Within the records that follow, find every line containing the string "where". Copy those lines.

RECORD EXTRACTS Block Start

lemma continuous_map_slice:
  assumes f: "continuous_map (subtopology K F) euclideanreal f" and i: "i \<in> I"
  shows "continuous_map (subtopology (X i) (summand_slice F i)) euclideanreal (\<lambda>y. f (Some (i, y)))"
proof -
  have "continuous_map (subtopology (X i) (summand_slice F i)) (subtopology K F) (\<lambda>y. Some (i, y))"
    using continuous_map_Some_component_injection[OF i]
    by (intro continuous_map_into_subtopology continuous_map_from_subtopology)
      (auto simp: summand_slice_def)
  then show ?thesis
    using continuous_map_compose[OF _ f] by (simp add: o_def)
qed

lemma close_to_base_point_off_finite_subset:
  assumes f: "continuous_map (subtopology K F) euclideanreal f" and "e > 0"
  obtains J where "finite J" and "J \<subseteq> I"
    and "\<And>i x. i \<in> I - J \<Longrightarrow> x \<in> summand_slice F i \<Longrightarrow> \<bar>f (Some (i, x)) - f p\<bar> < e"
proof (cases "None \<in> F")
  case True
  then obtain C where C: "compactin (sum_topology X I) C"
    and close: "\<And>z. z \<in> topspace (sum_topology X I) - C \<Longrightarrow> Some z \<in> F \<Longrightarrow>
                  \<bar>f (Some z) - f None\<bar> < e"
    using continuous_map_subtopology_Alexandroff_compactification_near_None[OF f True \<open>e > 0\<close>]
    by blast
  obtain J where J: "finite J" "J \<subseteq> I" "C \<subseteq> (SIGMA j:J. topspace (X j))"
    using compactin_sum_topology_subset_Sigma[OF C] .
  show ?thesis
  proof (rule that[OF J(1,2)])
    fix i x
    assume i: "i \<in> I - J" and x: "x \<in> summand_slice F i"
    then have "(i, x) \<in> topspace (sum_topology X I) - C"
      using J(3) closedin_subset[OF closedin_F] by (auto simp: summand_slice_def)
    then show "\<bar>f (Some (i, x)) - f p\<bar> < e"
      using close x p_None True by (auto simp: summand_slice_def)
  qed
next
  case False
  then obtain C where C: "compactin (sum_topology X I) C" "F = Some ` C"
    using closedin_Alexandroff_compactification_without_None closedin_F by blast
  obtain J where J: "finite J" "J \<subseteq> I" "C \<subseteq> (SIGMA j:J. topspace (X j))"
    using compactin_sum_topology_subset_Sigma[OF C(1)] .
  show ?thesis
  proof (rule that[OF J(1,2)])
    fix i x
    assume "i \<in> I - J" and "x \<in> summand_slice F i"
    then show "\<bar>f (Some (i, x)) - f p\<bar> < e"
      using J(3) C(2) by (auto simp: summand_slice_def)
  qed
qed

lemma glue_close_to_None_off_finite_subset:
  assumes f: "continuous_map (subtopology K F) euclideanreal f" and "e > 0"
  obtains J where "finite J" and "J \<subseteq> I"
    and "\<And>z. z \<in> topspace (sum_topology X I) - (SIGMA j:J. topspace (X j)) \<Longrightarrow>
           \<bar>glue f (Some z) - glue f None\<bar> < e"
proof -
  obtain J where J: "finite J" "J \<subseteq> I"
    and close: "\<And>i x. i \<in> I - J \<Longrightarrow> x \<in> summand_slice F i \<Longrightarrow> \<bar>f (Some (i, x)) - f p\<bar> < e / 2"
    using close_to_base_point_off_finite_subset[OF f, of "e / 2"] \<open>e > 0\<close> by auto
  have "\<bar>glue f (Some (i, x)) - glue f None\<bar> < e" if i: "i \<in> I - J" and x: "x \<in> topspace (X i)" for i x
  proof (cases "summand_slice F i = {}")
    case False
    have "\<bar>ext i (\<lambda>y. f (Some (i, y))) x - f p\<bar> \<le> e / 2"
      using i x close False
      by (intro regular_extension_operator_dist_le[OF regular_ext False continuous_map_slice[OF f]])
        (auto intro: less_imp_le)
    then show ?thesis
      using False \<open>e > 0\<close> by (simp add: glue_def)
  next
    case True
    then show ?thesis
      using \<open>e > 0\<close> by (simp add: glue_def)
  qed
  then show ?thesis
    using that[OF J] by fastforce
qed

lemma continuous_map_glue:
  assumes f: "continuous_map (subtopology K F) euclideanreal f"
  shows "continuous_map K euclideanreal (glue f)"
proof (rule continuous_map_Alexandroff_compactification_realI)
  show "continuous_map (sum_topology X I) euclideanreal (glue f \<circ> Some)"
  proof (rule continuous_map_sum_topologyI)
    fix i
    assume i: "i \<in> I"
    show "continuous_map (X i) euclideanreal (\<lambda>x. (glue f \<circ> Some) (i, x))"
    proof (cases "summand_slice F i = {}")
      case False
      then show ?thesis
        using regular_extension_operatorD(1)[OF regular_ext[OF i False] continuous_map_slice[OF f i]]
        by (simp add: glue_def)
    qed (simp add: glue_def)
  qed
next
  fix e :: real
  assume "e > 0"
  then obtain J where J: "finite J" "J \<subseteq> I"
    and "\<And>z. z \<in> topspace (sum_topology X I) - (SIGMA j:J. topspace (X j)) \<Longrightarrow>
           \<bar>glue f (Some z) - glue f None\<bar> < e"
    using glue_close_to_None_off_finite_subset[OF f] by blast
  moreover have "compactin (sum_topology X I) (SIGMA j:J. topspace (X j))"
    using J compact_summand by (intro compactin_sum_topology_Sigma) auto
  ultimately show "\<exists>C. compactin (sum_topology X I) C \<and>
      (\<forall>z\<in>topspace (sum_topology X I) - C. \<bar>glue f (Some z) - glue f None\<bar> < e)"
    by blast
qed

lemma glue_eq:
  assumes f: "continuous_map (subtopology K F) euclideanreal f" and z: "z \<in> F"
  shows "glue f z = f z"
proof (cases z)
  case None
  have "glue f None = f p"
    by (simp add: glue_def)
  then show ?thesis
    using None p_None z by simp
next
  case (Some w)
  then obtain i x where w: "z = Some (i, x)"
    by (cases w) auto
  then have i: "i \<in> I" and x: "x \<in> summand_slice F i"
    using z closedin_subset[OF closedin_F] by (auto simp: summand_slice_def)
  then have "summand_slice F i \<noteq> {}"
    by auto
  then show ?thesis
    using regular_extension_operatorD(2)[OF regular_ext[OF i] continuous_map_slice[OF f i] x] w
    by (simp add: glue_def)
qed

RECORD EXTRACTS Block End

__ANSWER AREA__
  obtains J where "finite J" and "J \<subseteq> I"
  then obtain C where C: "compactin (sum_topology X I) C"
  obtain J where J: "finite J" "J \<subseteq> I" "C \<subseteq> (SIGMA j:J. topspace (X j))"
  then obtain C where C: "compactin (sum_topology X I) C" "F = Some ` C"
  obtain J where J: "finite J" "J \<subseteq> I" "C \<subseteq> (SIGMA j:J. topspace (X j))"
  obtains J where "finite J" and "J \<subseteq> I"
  obtain J where J: "finite J" "J \<subseteq> I"
  then obtain J where J: "finite J" "J \<subseteq> I"
  then obtain i x where w: "z = Some (i, x)"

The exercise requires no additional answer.